(Collection entries)

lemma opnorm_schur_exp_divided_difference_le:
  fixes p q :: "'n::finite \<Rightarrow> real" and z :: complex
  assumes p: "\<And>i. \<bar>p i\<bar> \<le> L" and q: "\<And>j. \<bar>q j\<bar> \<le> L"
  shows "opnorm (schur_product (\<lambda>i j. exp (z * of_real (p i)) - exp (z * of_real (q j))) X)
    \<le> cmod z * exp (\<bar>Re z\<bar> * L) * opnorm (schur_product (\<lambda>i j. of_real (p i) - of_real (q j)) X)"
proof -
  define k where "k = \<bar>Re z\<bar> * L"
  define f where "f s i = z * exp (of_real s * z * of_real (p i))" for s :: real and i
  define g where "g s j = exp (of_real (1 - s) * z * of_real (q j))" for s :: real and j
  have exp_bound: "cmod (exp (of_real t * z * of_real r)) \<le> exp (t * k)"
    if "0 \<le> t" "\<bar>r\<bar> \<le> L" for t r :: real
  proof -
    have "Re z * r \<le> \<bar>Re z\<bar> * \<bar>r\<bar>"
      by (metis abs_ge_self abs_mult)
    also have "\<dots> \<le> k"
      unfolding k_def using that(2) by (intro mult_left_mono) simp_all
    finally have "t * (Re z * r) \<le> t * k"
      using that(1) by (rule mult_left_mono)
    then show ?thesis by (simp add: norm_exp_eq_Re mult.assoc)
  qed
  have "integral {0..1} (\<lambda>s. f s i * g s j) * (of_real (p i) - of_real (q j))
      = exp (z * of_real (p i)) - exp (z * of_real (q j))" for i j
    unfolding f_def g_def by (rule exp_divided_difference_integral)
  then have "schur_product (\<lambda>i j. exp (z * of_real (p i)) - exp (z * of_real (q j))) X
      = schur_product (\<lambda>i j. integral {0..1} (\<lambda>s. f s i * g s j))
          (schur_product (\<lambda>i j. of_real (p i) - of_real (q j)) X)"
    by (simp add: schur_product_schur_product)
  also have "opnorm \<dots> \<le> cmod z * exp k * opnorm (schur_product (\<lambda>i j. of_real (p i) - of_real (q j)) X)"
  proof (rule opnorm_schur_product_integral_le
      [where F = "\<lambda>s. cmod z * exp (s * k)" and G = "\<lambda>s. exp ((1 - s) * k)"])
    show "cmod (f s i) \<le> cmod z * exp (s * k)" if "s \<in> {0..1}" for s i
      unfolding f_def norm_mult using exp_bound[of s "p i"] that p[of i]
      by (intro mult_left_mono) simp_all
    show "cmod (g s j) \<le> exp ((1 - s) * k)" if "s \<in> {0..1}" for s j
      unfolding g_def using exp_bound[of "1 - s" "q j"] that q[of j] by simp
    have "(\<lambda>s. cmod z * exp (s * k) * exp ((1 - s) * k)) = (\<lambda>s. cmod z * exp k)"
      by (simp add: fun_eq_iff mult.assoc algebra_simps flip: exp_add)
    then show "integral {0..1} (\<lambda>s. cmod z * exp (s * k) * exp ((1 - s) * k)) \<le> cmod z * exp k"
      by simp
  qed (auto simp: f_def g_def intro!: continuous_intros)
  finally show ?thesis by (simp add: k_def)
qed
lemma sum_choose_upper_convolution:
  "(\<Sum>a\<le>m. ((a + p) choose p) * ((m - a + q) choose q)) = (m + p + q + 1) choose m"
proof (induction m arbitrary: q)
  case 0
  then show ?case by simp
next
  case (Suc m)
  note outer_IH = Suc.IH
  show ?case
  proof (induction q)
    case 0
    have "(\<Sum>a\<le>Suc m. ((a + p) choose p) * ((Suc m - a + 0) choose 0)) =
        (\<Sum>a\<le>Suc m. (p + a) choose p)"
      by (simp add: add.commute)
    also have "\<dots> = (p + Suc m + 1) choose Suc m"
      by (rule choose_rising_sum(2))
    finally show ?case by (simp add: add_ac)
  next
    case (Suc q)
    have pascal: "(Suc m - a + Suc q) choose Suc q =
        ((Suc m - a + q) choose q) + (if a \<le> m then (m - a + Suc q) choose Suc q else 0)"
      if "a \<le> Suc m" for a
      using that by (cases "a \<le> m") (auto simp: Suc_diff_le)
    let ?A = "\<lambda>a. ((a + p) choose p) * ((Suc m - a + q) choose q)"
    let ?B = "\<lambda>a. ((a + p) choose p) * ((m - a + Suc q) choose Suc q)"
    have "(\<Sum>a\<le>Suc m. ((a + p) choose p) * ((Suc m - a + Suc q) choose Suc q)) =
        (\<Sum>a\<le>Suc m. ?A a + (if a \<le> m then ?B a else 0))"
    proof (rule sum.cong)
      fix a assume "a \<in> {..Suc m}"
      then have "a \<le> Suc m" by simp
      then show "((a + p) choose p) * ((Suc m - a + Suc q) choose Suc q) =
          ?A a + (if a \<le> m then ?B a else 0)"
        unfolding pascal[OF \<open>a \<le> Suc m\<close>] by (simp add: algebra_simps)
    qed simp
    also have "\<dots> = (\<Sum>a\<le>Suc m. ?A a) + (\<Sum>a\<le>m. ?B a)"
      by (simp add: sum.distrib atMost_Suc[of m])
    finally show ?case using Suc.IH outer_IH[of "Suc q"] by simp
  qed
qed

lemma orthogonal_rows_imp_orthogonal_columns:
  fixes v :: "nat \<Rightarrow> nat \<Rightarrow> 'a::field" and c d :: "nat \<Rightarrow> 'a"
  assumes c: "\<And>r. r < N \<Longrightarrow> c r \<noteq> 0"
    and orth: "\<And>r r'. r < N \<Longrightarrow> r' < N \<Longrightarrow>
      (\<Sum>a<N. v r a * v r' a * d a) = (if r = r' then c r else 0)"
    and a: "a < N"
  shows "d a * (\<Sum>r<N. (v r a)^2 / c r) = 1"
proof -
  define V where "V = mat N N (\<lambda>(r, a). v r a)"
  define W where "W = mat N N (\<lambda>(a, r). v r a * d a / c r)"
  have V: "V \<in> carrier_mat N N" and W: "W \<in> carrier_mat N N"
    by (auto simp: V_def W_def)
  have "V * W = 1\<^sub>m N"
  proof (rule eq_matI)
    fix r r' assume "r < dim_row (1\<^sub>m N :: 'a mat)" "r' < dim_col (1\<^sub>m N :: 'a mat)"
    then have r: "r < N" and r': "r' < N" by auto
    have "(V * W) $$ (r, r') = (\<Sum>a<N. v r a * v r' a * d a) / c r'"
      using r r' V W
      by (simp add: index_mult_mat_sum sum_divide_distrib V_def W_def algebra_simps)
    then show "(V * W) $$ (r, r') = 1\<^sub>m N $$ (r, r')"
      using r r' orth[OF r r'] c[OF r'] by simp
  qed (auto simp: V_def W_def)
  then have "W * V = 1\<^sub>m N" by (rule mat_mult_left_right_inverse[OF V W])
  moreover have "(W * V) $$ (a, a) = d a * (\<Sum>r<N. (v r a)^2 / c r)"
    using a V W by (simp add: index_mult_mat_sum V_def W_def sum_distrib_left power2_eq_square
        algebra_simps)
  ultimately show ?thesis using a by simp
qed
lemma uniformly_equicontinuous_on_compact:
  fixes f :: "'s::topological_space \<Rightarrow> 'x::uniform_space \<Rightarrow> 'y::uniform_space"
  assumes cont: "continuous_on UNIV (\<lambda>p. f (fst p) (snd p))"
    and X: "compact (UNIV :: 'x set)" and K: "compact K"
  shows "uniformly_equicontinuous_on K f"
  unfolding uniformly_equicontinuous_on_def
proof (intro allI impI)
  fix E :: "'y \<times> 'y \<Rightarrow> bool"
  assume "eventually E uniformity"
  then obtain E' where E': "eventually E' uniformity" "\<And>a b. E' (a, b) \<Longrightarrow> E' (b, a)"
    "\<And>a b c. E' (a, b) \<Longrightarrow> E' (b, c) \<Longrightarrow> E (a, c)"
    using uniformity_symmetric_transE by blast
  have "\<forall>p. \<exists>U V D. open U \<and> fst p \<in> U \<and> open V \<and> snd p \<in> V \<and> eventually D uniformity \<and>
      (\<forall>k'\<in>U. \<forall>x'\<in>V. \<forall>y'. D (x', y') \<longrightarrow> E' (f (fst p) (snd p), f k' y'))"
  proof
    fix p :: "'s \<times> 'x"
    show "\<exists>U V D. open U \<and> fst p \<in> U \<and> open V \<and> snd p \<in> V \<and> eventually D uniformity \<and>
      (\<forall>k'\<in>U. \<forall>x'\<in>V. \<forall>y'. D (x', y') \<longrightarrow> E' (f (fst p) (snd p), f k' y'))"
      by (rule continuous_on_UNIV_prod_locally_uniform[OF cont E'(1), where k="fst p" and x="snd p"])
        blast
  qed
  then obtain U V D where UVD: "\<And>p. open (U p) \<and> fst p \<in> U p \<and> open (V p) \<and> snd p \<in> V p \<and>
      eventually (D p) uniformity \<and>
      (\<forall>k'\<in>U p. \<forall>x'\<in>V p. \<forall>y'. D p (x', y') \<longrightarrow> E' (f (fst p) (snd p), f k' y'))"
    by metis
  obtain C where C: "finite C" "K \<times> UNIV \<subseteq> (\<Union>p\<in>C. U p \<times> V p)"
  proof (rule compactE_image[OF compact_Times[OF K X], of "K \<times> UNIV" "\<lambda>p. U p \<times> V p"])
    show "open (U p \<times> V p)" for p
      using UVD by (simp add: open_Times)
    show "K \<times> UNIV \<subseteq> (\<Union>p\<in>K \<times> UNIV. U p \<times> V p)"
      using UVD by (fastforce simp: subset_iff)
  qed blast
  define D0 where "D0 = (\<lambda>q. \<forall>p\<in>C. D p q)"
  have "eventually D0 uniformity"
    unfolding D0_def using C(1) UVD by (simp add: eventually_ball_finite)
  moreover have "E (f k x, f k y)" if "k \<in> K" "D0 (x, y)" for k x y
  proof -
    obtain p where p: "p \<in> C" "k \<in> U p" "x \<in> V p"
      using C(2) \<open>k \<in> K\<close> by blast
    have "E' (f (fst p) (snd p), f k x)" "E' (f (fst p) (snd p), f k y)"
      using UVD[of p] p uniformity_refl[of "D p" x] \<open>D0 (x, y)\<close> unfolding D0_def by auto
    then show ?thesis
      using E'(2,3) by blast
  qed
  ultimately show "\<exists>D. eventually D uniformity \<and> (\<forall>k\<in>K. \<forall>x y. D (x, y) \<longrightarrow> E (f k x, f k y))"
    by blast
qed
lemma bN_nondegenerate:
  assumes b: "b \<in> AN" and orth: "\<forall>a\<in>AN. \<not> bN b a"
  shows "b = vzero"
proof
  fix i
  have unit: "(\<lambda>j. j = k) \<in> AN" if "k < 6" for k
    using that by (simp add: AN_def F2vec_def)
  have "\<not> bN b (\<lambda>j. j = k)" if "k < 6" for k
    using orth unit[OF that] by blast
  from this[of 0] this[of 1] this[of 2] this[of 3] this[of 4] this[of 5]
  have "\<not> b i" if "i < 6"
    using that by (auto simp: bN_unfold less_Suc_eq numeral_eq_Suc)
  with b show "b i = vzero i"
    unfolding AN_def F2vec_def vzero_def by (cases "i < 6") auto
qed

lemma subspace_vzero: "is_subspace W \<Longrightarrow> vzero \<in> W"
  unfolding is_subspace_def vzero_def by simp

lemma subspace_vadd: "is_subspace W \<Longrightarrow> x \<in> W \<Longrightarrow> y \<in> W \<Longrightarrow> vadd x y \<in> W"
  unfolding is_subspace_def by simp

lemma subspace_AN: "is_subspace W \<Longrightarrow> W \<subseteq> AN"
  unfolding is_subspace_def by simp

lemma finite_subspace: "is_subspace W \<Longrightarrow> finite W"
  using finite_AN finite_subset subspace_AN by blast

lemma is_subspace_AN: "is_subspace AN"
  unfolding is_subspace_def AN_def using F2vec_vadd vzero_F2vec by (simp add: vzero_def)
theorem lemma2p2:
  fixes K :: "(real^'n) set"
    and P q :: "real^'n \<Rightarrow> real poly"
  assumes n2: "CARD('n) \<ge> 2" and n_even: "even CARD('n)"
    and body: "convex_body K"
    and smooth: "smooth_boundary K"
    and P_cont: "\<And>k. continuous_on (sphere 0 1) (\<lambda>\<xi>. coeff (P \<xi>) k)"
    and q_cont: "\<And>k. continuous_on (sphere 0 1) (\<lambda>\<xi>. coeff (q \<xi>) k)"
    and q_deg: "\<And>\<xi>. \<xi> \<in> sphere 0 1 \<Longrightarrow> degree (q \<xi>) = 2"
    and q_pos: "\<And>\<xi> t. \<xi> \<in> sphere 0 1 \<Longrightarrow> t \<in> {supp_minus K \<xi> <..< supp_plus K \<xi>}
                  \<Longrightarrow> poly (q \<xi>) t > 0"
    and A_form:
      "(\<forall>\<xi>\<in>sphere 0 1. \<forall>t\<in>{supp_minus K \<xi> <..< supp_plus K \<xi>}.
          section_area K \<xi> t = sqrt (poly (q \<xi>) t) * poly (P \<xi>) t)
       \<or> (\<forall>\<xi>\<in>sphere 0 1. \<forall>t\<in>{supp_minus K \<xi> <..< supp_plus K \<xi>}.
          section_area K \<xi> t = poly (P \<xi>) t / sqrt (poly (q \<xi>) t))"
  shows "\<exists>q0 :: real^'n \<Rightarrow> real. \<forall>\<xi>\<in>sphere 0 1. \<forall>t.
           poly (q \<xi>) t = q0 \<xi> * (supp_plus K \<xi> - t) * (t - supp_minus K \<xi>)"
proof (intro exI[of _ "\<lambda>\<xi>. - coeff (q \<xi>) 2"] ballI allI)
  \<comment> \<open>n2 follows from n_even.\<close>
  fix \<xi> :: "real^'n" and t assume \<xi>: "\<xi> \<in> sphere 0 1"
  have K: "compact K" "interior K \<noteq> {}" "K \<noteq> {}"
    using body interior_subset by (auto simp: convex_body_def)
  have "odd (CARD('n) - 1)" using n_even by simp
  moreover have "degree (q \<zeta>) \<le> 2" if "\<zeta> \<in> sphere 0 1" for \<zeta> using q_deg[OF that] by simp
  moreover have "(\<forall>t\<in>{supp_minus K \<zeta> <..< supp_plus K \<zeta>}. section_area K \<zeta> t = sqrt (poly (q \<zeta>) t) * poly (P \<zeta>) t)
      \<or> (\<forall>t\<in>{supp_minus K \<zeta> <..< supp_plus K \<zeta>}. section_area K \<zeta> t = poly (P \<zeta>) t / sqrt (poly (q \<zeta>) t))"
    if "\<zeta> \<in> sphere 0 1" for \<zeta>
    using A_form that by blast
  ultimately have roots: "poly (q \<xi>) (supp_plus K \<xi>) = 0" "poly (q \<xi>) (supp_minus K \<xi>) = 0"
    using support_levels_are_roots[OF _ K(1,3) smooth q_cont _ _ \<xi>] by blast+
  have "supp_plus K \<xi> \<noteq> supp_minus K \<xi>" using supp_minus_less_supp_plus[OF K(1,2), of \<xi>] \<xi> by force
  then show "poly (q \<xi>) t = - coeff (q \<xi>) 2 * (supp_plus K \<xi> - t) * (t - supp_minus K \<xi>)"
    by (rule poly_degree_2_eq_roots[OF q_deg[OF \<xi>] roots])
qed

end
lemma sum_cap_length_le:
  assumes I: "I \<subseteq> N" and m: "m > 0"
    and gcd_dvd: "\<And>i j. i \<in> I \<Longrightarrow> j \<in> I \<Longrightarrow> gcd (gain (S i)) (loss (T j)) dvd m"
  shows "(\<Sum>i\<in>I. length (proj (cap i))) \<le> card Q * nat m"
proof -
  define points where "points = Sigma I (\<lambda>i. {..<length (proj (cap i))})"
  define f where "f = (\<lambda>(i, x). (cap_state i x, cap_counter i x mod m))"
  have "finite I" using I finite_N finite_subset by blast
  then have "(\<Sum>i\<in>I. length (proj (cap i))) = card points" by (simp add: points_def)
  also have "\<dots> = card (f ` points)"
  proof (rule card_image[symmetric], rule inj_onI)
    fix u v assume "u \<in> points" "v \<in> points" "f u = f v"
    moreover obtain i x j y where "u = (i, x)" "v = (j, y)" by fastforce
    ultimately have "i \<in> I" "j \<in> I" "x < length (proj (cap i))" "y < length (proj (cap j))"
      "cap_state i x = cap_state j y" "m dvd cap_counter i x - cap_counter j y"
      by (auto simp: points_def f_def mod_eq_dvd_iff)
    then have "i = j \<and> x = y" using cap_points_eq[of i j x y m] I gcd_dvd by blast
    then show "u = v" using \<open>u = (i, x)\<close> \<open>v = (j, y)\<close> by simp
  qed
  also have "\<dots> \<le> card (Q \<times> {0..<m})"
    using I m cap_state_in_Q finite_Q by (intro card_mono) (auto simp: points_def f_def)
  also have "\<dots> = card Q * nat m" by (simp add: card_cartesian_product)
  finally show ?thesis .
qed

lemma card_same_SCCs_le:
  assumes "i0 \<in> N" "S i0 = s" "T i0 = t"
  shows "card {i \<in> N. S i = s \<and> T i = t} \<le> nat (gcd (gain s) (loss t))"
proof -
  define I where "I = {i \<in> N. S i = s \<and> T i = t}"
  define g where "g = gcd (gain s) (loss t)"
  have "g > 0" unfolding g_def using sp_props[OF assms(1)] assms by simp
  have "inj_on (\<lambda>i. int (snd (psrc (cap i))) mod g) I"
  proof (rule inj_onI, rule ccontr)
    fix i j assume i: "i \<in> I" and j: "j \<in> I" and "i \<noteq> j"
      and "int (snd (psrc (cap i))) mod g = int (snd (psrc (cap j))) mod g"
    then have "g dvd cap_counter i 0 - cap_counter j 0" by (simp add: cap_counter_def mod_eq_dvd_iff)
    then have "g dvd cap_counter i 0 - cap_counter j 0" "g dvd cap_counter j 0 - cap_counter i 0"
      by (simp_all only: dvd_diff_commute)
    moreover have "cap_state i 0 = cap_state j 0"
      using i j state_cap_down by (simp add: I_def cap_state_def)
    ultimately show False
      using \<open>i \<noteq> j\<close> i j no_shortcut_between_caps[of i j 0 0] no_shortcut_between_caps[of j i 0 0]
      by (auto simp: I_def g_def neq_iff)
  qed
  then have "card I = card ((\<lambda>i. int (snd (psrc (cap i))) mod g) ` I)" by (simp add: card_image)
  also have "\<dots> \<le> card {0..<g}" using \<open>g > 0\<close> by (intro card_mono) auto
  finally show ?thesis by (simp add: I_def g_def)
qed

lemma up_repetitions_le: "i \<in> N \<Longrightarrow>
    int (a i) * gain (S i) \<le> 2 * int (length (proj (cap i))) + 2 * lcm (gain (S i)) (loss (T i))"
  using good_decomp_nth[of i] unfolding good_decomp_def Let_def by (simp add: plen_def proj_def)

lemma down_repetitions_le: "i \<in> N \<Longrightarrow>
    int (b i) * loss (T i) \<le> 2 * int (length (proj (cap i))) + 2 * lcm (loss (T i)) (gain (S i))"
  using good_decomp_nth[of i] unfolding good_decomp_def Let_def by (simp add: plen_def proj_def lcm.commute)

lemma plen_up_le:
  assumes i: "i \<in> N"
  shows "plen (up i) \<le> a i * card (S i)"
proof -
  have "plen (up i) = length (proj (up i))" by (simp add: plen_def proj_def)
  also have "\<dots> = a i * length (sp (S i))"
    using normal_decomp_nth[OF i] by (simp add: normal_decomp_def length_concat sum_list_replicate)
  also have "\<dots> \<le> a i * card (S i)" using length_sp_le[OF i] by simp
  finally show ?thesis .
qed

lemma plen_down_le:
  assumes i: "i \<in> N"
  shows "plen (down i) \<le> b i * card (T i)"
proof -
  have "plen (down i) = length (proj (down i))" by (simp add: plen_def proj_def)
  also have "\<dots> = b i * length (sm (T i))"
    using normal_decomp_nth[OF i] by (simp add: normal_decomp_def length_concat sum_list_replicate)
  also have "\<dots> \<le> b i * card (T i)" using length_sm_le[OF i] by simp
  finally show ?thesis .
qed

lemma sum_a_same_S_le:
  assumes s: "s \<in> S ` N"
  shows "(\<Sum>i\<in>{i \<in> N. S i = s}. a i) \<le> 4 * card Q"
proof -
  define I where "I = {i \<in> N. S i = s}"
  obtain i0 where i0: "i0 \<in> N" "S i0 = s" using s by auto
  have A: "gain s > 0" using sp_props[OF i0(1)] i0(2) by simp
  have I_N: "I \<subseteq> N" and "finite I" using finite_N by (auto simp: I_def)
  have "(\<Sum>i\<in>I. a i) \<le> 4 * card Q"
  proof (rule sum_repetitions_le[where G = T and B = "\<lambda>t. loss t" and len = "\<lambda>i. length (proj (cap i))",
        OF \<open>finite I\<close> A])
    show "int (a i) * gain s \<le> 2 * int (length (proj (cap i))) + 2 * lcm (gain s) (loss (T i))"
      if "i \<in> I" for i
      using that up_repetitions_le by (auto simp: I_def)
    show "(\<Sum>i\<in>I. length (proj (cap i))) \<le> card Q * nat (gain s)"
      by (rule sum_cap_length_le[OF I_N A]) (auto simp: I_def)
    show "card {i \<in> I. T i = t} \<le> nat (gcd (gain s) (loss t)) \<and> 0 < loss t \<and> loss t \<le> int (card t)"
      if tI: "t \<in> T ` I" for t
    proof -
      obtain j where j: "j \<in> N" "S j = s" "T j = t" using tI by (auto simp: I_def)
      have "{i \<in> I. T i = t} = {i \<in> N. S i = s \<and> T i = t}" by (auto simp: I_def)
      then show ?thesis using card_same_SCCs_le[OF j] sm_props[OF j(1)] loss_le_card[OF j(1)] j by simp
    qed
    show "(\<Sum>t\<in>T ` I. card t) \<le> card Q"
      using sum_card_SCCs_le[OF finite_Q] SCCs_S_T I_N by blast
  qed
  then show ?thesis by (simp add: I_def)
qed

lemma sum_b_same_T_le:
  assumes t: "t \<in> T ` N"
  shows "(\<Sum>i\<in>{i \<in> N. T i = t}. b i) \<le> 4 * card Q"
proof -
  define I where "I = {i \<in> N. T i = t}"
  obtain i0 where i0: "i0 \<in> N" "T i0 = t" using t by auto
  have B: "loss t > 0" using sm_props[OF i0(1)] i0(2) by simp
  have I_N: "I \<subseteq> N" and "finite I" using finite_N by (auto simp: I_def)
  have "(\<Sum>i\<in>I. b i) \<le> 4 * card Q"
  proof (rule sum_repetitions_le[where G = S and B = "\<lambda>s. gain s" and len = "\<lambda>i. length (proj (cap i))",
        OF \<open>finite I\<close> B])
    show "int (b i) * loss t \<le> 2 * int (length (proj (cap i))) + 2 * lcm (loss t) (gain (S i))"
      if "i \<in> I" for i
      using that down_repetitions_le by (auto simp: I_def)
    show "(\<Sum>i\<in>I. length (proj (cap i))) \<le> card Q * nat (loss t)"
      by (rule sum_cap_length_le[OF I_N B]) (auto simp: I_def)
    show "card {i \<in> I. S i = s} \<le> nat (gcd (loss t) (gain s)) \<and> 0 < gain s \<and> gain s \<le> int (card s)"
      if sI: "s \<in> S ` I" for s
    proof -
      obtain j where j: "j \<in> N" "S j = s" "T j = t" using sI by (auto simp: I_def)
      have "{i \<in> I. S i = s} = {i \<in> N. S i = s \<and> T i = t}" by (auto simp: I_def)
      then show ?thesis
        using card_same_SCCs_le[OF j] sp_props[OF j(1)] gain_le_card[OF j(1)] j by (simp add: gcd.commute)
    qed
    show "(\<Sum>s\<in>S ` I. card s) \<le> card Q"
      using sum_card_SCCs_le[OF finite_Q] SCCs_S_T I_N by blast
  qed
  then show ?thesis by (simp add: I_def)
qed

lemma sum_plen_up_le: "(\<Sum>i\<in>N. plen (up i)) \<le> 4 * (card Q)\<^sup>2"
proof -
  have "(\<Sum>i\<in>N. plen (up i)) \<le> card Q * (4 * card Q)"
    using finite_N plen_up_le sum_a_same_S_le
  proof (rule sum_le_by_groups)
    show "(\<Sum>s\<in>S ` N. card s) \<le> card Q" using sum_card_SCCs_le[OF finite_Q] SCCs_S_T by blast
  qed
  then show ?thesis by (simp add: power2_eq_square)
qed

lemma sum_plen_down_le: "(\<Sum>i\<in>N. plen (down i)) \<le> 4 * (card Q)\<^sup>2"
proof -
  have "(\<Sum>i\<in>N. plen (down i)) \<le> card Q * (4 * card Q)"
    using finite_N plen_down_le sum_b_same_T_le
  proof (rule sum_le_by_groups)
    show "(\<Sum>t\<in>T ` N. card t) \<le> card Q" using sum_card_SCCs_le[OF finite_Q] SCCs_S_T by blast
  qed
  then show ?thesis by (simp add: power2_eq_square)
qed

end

Exercise: Only the lines from the first line of the records through the line with "j) \<le> exp" should be reproduced, exactly and with nothing added.

Solution to the problem:
lemma opnorm_schur_exp_divided_difference_le:
  fixes p q :: "'n::finite \<Rightarrow> real" and z :: complex
  assumes p: "\<And>i. \<bar>p i\<bar> \<le> L" and q: "\<And>j. \<bar>q j\<bar> \<le> L"
  shows "opnorm (schur_product (\<lambda>i j. exp (z * of_real (p i)) - exp (z * of_real (q j))) X)
    \<le> cmod z * exp (\<bar>Re z\<bar> * L) * opnorm (schur_product (\<lambda>i j. of_real (p i) - of_real (q j)) X)"
proof -
  define k where "k = \<bar>Re z\<bar> * L"
  define f where "f s i = z * exp (of_real s * z * of_real (p i))" for s :: real and i
  define g where "g s j = exp (of_real (1 - s) * z * of_real (q j))" for s :: real and j
  have exp_bound: "cmod (exp (of_real t * z * of_real r)) \<le> exp (t * k)"
    if "0 \<le> t" "\<bar>r\<bar> \<le> L" for t r :: real
  proof -
    have "Re z * r \<le> \<bar>Re z\<bar> * \<bar>r\<bar>"
      by (metis abs_ge_self abs_mult)
    also have "\<dots> \<le> k"
      unfolding k_def using that(2) by (intro mult_left_mono) simp_all
    finally have "t * (Re z * r) \<le> t * k"
      using that(1) by (rule mult_left_mono)
    then show ?thesis by (simp add: norm_exp_eq_Re mult.assoc)
  qed
  have "integral {0..1} (\<lambda>s. f s i * g s j) * (of_real (p i) - of_real (q j))
      = exp (z * of_real (p i)) - exp (z * of_real (q j))" for i j
    unfolding f_def g_def by (rule exp_divided_difference_integral)
  then have "schur_product (\<lambda>i j. exp (z * of_real (p i)) - exp (z * of_real (q j))) X
      = schur_product (\<lambda>i j. integral {0..1} (\<lambda>s. f s i * g s j))
          (schur_product (\<lambda>i j. of_real (p i) - of_real (q j)) X)"
    by (simp add: schur_product_schur_product)
  also have "opnorm \<dots> \<le> cmod z * exp k * opnorm (schur_product (\<lambda>i j. of_real (p i) - of_real (q j)) X)"
  proof (rule opnorm_schur_product_integral_le
      [where F = "\<lambda>s. cmod z * exp (s * k)" and G = "\<lambda>s. exp ((1 - s) * k)"])
    show "cmod (f s i) \<le> cmod z * exp (s * k)" if "s \<in> {0..1}" for s i
      unfolding f_def norm_mult using exp_bound[of s "p i"] that p[of i]
      by (intro mult_left_mono) simp_all
    show "cmod (g s j) \<le> exp ((1 - s) * k)" if "s \<in> {0..1}" for s j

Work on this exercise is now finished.